* [TASK OBJECTIVE]: Your answer is to be the count alone: the number of lines in the data below where "their" appears.

Saved entries
(* Let $p$ be a prime and $V$ an abelian group. The following are equivalent: (1) the $p$-primary torsion subgroup of $V$ is bounded (annihilated by some power of $p$); (2) the canonical map $\operatorname*{colim}_{n\in\mathbb{N}}\mathrm{Ext}^1_{\mathbb{Z}}(V/p^n,\mathbb{Z}/p)\to\mathrm{Ext}^1_{\mathbb{Z}}(V,\mathbb{Z}/p)$, induced by the projections $V\to V/p^n$, is an isomorphism.
   Context: $V/p^n$ denotes $V/p^nV$. *)

theory Defs
  imports "HOL-Algebra.Algebra" "HOL-Number_Theory.Cong"
begin

text \<open>Ext^1_Z(G, Z/p) is modelled by the classical description via factor sets
  (Fuchs, Infinite Abelian Groups): symmetric 2-cocycles G x G -> Z/p modulo
  coboundaries. Values in Z/p are represented by integers, compared modulo p.\<close>

definition ppow_sub :: "('a, 'b) monoid_scheme \<Rightarrow> nat \<Rightarrow> 'a set" where
  "ppow_sub G m = {x [^]\<^bsub>G\<^esub> m | x. x \<in> carrier G}"

definition quot_pn :: "('a, 'b) monoid_scheme \<Rightarrow> nat \<Rightarrow> nat \<Rightarrow> 'a set monoid" where
  "quot_pn G p n = G Mod (ppow_sub G (p ^ n))"

definition proj_pn :: "('a, 'b) monoid_scheme \<Rightarrow> nat \<Rightarrow> nat \<Rightarrow> 'a \<Rightarrow> 'a set" where
  "proj_pn G p n = (\<lambda>x. ppow_sub G (p ^ n) #>\<^bsub>G\<^esub> x)"

definition trans_pn :: "('a, 'b) monoid_scheme \<Rightarrow> nat \<Rightarrow> nat \<Rightarrow> 'a set \<Rightarrow> 'a set" where
  "trans_pn G p n = (\<lambda>C. ppow_sub G (p ^ n) <#>\<^bsub>G\<^esub> C)"

definition cocycles :: "('a, 'b) monoid_scheme \<Rightarrow> nat \<Rightarrow> ('a \<Rightarrow> 'a \<Rightarrow> int) set" where
  "cocycles G p = {f.
     (\<forall>a b. a \<notin> carrier G \<or> b \<notin> carrier G \<longrightarrow> f a b = 0) \<and>
     (\<forall>a\<in>carrier G. \<forall>b\<in>carrier G. [f a b = f b a] (mod int p)) \<and>
     (\<forall>a\<in>carrier G. \<forall>b\<in>carrier G. \<forall>c\<in>carrier G.
        [f a b + f (a \<otimes>\<^bsub>G\<^esub> b) c = f b c + f a (b \<otimes>\<^bsub>G\<^esub> c)] (mod int p))}"

definition coboundary :: "('a, 'b) monoid_scheme \<Rightarrow> nat \<Rightarrow> ('a \<Rightarrow> 'a \<Rightarrow> int) \<Rightarrow> bool" where
  "coboundary G p f \<longleftrightarrow> (\<exists>g :: 'a \<Rightarrow> int. \<forall>a\<in>carrier G. \<forall>b\<in>carrier G.
      [f a b = g a + g b - g (a \<otimes>\<^bsub>G\<^esub> b)] (mod int p))"

definition ext_rel :: "('a, 'b) monoid_scheme \<Rightarrow> nat \<Rightarrow> (('a \<Rightarrow> 'a \<Rightarrow> int) \<times> ('a \<Rightarrow> 'a \<Rightarrow> int)) set" where
  "ext_rel G p = {(f, g). f \<in> cocycles G p \<and> g \<in> cocycles G p \<and>
      coboundary G p (\<lambda>a b. f a b - g a b)}"

text \<open>Ext^1_Z(G, Z/p) as a set of classes (its group structure is not needed:
  a bijective homomorphism is an isomorphism).\<close>
definition Ext1 :: "('a, 'b) monoid_scheme \<Rightarrow> nat \<Rightarrow> ('a \<Rightarrow> 'a \<Rightarrow> int) set set" where
  "Ext1 G p = cocycles G p // ext_rel G p"

definition pullback :: "('a, 'b) monoid_scheme \<Rightarrow> ('a \<Rightarrow> 'c) \<Rightarrow> ('c \<Rightarrow> 'c \<Rightarrow> int) \<Rightarrow> 'a \<Rightarrow> 'a \<Rightarrow> int" where
  "pullback G \<phi> f = (\<lambda>a b. if a \<in> carrier G \<and> b \<in> carrier G then f (\<phi> a) (\<phi> b) else 0)"

text \<open>The colimit colim_n Ext^1(G/p^n, Z/p) along the maps induced by G/p^k -> G/p^n:
  pairs (n, f) with f a factor set on G/p^n, where (n,f) ~ (m,g) iff their images
  in some Ext^1(G/p^k, Z/p), k >= n, m, coincide.\<close>
definition colim_rel :: "('a, 'b) monoid_scheme \<Rightarrow> nat \<Rightarrow>
    ((nat \<times> ('a set \<Rightarrow> 'a set \<Rightarrow> int)) \<times> (nat \<times> ('a set \<Rightarrow> 'a set \<Rightarrow> int))) set" where
  "colim_rel G p = {((n, f), (m, g)).
      f \<in> cocycles (quot_pn G p n) p \<and> g \<in> cocycles (quot_pn G p m) p \<and>
      (\<exists>k \<ge> max n m.
         (pullback (quot_pn G p k) (trans_pn G p n) f,
          pullback (quot_pn G p k) (trans_pn G p m) g) \<in> ext_rel (quot_pn G p k) p)}"

definition colim_Ext1 :: "('a, 'b) monoid_scheme \<Rightarrow> nat \<Rightarrow> (nat \<times> ('a set \<Rightarrow> 'a set \<Rightarrow> int)) set set" where
  "colim_Ext1 G p = (SIGMA n:UNIV. cocycles (quot_pn G p n) p) // colim_rel G p"

definition canon_map :: "('a, 'b) monoid_scheme \<Rightarrow> nat \<Rightarrow>
    (nat \<times> ('a set \<Rightarrow> 'a set \<Rightarrow> int)) set \<Rightarrow> ('a \<Rightarrow> 'a \<Rightarrow> int) set" where
  "canon_map G p S = (let y = (SOME y. y \<in> S) in
      Image (ext_rel G p) {pullback G (proj_pn G p (fst y)) (snd y)})"

definition p_torsion_bounded :: "('a, 'b) monoid_scheme \<Rightarrow> nat \<Rightarrow> bool" where
  "p_torsion_bounded G p \<longleftrightarrow> (\<exists>k::nat. \<forall>x\<in>carrier G.
      (\<exists>m::nat. x [^]\<^bsub>G\<^esub> (p ^ m) = \<one>\<^bsub>G\<^esub>) \<longrightarrow> x [^]\<^bsub>G\<^esub> (p ^ k) = \<one>\<^bsub>G\<^esub>)"

end

theory Submission
  imports Defs
begin

text \<open>
  Injectivity of the canonical map holds for every abelian group: if two inflations become
  cohomologous on \<open>V\<close>, the primitive \<open>g\<close> of their difference is affine modulo \<open>p\<close> along
  \<open>p\<^sup>nV\<close>, hence invariant modulo \<open>p\<close> under \<open>p\<^bsup>n+1\<^esup>V\<close>, so it descends and the two
  classes already agree on \<open>V/p\<^bsup>n+1\<^esup>\<close>.

  If the \<open>p\<close>-torsion is killed by \<open>p\<^sup>k\<close>, then \<open>x \<mapsto> x\<^sup>m\<close> with \<open>m = p\<^sup>k\<close> is a bijection
  \<open>p\<^sup>kV \<rightarrow> p\<^bsup>2k\<^esup>V\<close>, and the identity \<open>f(a\<^sup>m, b\<^sup>m) = m f(a, b) + (coboundary)\<close> shows
  that every factor set is a coboundary on \<open>p\<^bsup>2k\<^esup>V\<close>.  Adding a coboundary then makes it
  invariant under \<open>p\<^bsup>2k\<^esup>V\<close>, so it is inflated from \<open>V/p\<^bsup>2k\<^esup>\<close>: the map is surjective.

  If the \<open>p\<close>-torsion is unbounded, every \<open>p\<^sup>nV\<close> contains an element of order \<open>p\<close>, and
  divisibility of \<open>\<rat>/\<int>\<close> (via Zorn's lemma) yields a homomorphism \<open>\<Phi> : V \<rightarrow> \<rat>/\<int>\<close> that
  is nonzero on such an element \<open>x\<^sub>n\<close> for every \<open>n\<close>.  Its integral coboundary \<open>f\<close> is not
  inflated from any \<open>V/p\<^sup>n\<close>: a factor set cohomologous to an inflated one has
  \<open>\<Sum>\<^bsub>i<p\<^esub> f(x, x\<^sup>i) \<equiv> 0 (mod p)\<close> for \<open>x\<close> of order \<open>p\<close> in \<open>p\<^sup>nV\<close>, whereas for \<open>f\<close> this
  sum is \<open>p \<Phi>(x\<^sub>n) \<notin> p\<int>\<close>.
\<close>

section \<open>Factor sets and their cohomology\<close>

locale factor_set = comm_group G for G :: "('a, 'b) monoid_scheme" (structure) +
  fixes p :: nat and f :: "'a \<Rightarrow> 'a \<Rightarrow> int"
  assumes factor_set: "f \<in> cocycles G p"
begin

lemma symmetric: "a \<in> carrier G \<Longrightarrow> b \<in> carrier G \<Longrightarrow> int p dvd f a b - f b a"
  using factor_set unfolding cocycles_def cong_iff_dvd_diff by auto

lemma cocycle_identity:
  "a \<in> carrier G \<Longrightarrow> b \<in> carrier G \<Longrightarrow> c \<in> carrier G \<Longrightarrow>
    int p dvd f a b + f (a \<otimes> b) c - f b c - f a (b \<otimes> c)"
  using factor_set unfolding cocycles_def cong_iff_dvd_diff by (auto simp: algebra_simps)

lemma cocycle_mult_mult:
  assumes A: "A \<in> carrier G" and a: "a \<in> carrier G" and B: "B \<in> carrier G" and b: "b \<in> carrier G"
  shows "int p dvd f (A \<otimes> a) (B \<otimes> b) - (f A B + f a b + f (A \<otimes> B) (a \<otimes> b) - f A a - f B b)"
proof -
  have "a \<otimes> (B \<otimes> b) = B \<otimes> (a \<otimes> b)" "a \<otimes> B = B \<otimes> a"
    using a B b by (simp_all add: m_lcomm m_comm)
  then have "f (A \<otimes> a) (B \<otimes> b) - (f A B + f a b + f (A \<otimes> B) (a \<otimes> b) - f A a - f B b)
     = (f A a + f (A \<otimes> a) (B \<otimes> b) - f a (B \<otimes> b) - f A (a \<otimes> (B \<otimes> b)))
     - (f a B + f (a \<otimes> B) b - f B b - f a (B \<otimes> b))
     - (f A B + f (A \<otimes> B) (a \<otimes> b) - f B (a \<otimes> b) - f A (B \<otimes> (a \<otimes> b)))
     + (f B a + f (B \<otimes> a) b - f a b - f B (a \<otimes> b))
     + (f a B - f B a)"
    by simp
  also have "int p dvd \<dots>"
    using cocycle_identity[OF A a m_closed[OF B b]] cocycle_identity[OF a B b]
      cocycle_identity[OF A B m_closed[OF a b]] cocycle_identity[OF B a b] symmetric[OF a B]
    by (rule dvd_add[OF dvd_add[OF dvd_diff[OF dvd_diff]]])
  finally show ?thesis .
qed
text \<open>Fix a direction \<open>e\<close> and an open convex \<open>\<Omega>\<close> with \<open>|\<Omega>| = S\<close>. Because hyperplanes are
  null, \<open>t \<mapsto> |\<Omega> \<inter> {e \<bullet> x < t}|\<close> is continuous and increasing from \<open>0\<close> to \<open>S\<close>, so its level
  sets cut \<open>\<Omega>\<close> into \<open>n + 1\<close> overlapping slabs of measure exactly \<open>T\<close>, where \<open>n = \<lfloor>S/T\<rfloor>\<close>.
  The slabs are again open and convex, hence each carries at most \<open>T \<parallel>f\<parallel>\<^sub>p\<^sub>,\<^sub>T\<^sup>p\<close> of
  \<open>\<integral>|f|\<^sup>p\<close>, and summing over them gives \<open>\<integral>\<^sub>\<Omega> |f|\<^sup>p \<le> (n + 1) T \<parallel>f\<parallel>\<^sub>p\<^sub>,\<^sub>T\<^sup>p\<close>.\<close>

lemma tendsto_measure_AE_indicator:
  assumes \<Omega>: "\<Omega> \<in> fmeasurable M" and A: "\<And>n. A n \<in> sets M" "\<And>n. A n \<subseteq> \<Omega>"
    and B: "B \<in> sets M"
    and lim: "AE x in M. (\<lambda>n. indicator (A n) x) \<longlonglongrightarrow> (indicator B x :: real)"
  shows "(\<lambda>n. measure M (A n)) \<longlonglongrightarrow> measure M B"
proof -
  have "(\<lambda>n. integral\<^sup>L M (indicator (A n) :: _ \<Rightarrow> real)) \<longlonglongrightarrow> integral\<^sup>L M (indicator B)"
  proof (rule integral_dominated_convergence[where w="indicator \<Omega>"])
    show "integrable M (indicat_real \<Omega>)"
      using \<Omega> by (auto simp: fmeasurable_def integrable_indicator_iff)
    show "AE x in M. norm (indicat_real (A n) x) \<le> indicat_real \<Omega> x" for n
      using A(2)[of n] by (auto split: split_indicator)
  qed (use A B lim in auto)
  then show ?thesis
    using A B by (simp add: sets.Int_space_eq2)
qed

definition slice_measure :: "'a::euclidean_space set \<Rightarrow> 'a \<Rightarrow> real \<Rightarrow> real" where
  "slice_measure \<Omega> e t = measure lebesgue (\<Omega> \<inter> {x. e \<bullet> x < t})"

lemma sets_lebesgue_halfspace_lt: "{x::'a::euclidean_space. e \<bullet> x < t} \<in> sets lebesgue"
  using open_halfspace_lt by auto

lemma sets_lebesgue_halfspace_gt: "{x::'a::euclidean_space. t < e \<bullet> x} \<in> sets lebesgue"
  using open_halfspace_gt by auto

lemma hyperplane_null_sets:
  fixes e :: "'a::euclidean_space"
  assumes "e \<noteq> 0"
  shows "{x. e \<bullet> x = t} \<in> null_sets lebesgue"
  using negligible_hyperplane[of e t] assms by (simp add: negligible_iff_null_sets)

lemma mono_slice_measure:
  assumes "\<Omega> \<in> lmeasurable"
  shows "mono (slice_measure \<Omega> e)"
proof (rule monoI)
  fix a b :: real assume "a \<le> b"
  then show "slice_measure \<Omega> e a \<le> slice_measure \<Omega> e b"
    unfolding slice_measure_def using assms sets_lebesgue_halfspace_lt
    by (intro measure_mono_fmeasurable) (auto intro: fmeasurable_Int_fmeasurable)
qed
(* The n-crossed complex E^*: degree n is H_n x G_n (tagged Inr), degrees < n are E_k (tagged Inl). *)
definition Estar :: "nat \<Rightarrow> 'h xcx \<Rightarrow> 'g xcx \<Rightarrow> 'e xcx \<Rightarrow> (nat \<Rightarrow> 'e \<Rightarrow> 'h) \<Rightarrow>
    (nat \<Rightarrow> 'e \<Rightarrow> 'g) \<Rightarrow> ('h \<Rightarrow> 'e) \<Rightarrow> ('g \<Rightarrow> 'e) \<Rightarrow> ('e + 'h \<times> 'g) xcx" where
"Estar n H G E p f \<alpha> \<beta> = \<lparr>
   grp = (\<lambda>k. if k = n then
      \<lparr>carrier = Inr ` (carrier (grp H n) \<times> carrier (grp G n)),
       monoid.mult = (\<lambda>a b. Inr (fst (projr a) \<otimes>\<^bsub>grp H n\<^esub> fst (projr b),
                           snd (projr a) \<otimes>\<^bsub>grp G n\<^esub> snd (projr b))),
       monoid.one = Inr (\<one>\<^bsub>grp H n\<^esub>, \<one>\<^bsub>grp G n\<^esub>)\<rparr>
    else
      \<lparr>carrier = Inl ` carrier (grp E k),
       monoid.mult = (\<lambda>a b. Inl (projl a \<otimes>\<^bsub>grp E k\<^esub> projl b)),
       monoid.one = Inl \<one>\<^bsub>grp E k\<^esub>\<rparr>),
   bd = (\<lambda>k z. if k = n then Inl (\<alpha> (fst (projr z)) \<otimes>\<^bsub>grp E (n-1)\<^esub> \<beta> (snd (projr z)))
               else Inl (bd E k (projl z))),
   act = (\<lambda>k z a. if k = n then Inr (act H n (fst (projr z)) (p 1 (projl a)),
                                     act G n (snd (projr z)) (f 1 (projl a)))
                  else Inl (act E k (projl z) (projl a))) \<rparr>"
theorem lemma5p3:
  fixes AA :: "('o, 'h, 'v, 's, 'x) dblcat_scheme"
    and BB :: "('o2, 'h2, 'v2, 's2, 'y) dblcat_scheme"
    and Fo :: "'o \<Rightarrow> 'o2" and Fh :: "'h \<Rightarrow> 'h2" and Fv :: "'v \<Rightarrow> 'v2" and Fs :: "'s \<Rightarrow> 's2"
  assumes dA: "double_category AA"
    and dB: "double_category BB"
    and F: "double_functor AA BB Fo Fh Fv Fs"
    and hb3: "\<forall>a\<in>Hor AA. \<forall>c\<in>Hor AA. \<forall>\<beta>.
        hdom AA c = hdom AA a \<longrightarrow> hcod AA c = hcod AA a \<longrightarrow>
        is_sq BB \<beta> (vid BB (Fo (hdom AA a))) (Fh a) (Fh c) (vid BB (Fo (hcod AA a))) \<longrightarrow>
        (\<exists>!\<alpha>. is_sq AA \<alpha> (vid AA (hdom AA a)) a c (vid AA (hcod AA a)) \<and> Fs \<alpha> = \<beta>)"
    and vb2: "\<forall>u\<in>Ver AA. \<forall>u'\<in>Ver AA. \<forall>b d \<beta>.
        is_sq BB \<beta> (Fv u) b d (Fv u') \<longrightarrow>
        (\<exists>a c \<alpha> \<psi>0 \<psi>1. is_sq AA \<alpha> u a c u'
            \<and> is_sq BB \<psi>0 (vid BB (Fo (vdom AA u))) b (Fh a) (vid BB (Fo (vdom AA u')))
            \<and> vert_invertible BB \<psi>0
            \<and> is_sq BB \<psi>1 (vid BB (Fo (vcod AA u))) d (Fh c) (vid BB (Fo (vcod AA u')))
            \<and> vert_invertible BB \<psi>1
            \<and> svcomp BB \<psi>0 (Fs \<alpha>) = svcomp BB \<beta> \<psi>1)"
    and vb3: "\<forall>u u' a c a' c' \<alpha> \<alpha>' \<tau>0 \<tau>1.
        is_sq AA \<alpha> u a c u' \<longrightarrow> is_sq AA \<alpha>' u a' c' u' \<longrightarrow>
        is_sq BB \<tau>0 (vid BB (Fo (vdom AA u))) (Fh a) (Fh a') (vid BB (Fo (vdom AA u'))) \<longrightarrow>
        is_sq BB \<tau>1 (vid BB (Fo (vcod AA u))) (Fh c) (Fh c') (vid BB (Fo (vcod AA u'))) \<longrightarrow>
        svcomp BB \<tau>0 (Fs \<alpha>') = svcomp BB (Fs \<alpha>) \<tau>1 \<longrightarrow>
        (\<exists>!\<sigma>. is_sq AA (fst \<sigma>) (vid AA (vdom AA u)) a a' (vid AA (vdom AA u'))
            \<and> is_sq AA (snd \<sigma>) (vid AA (vcod AA u)) c c' (vid AA (vcod AA u'))
            \<and> Fs (fst \<sigma>) = \<tau>0 \<and> Fs (snd \<sigma>) = \<tau>1
            \<and> svcomp AA (fst \<sigma>) \<alpha>' = svcomp AA \<alpha> (snd \<sigma>))"
  shows "\<forall>u\<in>Ver AA. \<forall>u'\<in>Ver AA. \<forall>a\<in>Hor AA. \<forall>c\<in>Hor AA. \<forall>\<beta>.
        hdom AA a = vdom AA u \<longrightarrow> hcod AA a = vdom AA u' \<longrightarrow>
        hdom AA c = vcod AA u \<longrightarrow> hcod AA c = vcod AA u' \<longrightarrow>
        is_sq BB \<beta> (Fv u) (Fh a) (Fh c) (Fv u') \<longrightarrow>
        (\<exists>!\<alpha>. is_sq AA \<alpha> u a c u' \<and> Fs \<alpha> = \<beta>)"
proof -
  have ff: "globular_fully_faithful AA BB Fo Fh Fv Fs"
    using hb3 unfolding globular_fully_faithful_def .
  have lift: "squares_lift_up_to_globular_iso AA BB Fo Fh Fv Fs"
    using vb2 unfolding squares_lift_up_to_globular_iso_def .
  have cl: "globular_comparisons_lift AA BB Fo Fh Fv Fs"
    using vb3 unfolding globular_comparisons_lift_def .
  show ?thesis
  proof (intro ballI allI impI ex_ex1I)
    fix u u' a c \<beta>
    assume "u \<in> Ver AA" "u' \<in> Ver AA" "a \<in> Hor AA" "c \<in> Hor AA"
      "hdom AA a = vdom AA u" "hcod AA a = vdom AA u'" "hdom AA c = vcod AA u" "hcod AA c = vcod AA u'"
      "is_sq BB \<beta> (Fv u) (Fh a) (Fh c) (Fv u')"
    then show "\<exists>\<alpha>. is_sq AA \<alpha> u a c u' \<and> Fs \<alpha> = \<beta>"
      using square_lift_exists[OF dA dB F ff lift] by blast
  next
    fix u u' a c \<beta> \<alpha>1 \<alpha>2
    assume "is_sq AA \<alpha>1 u a c u' \<and> Fs \<alpha>1 = \<beta>" "is_sq AA \<alpha>2 u a c u' \<and> Fs \<alpha>2 = \<beta>"
    then show "\<alpha>1 = \<alpha>2"
      using square_lift_unique[OF dA dB F ff cl] by blast
  qed
qed

end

* [SOLUTION]: 3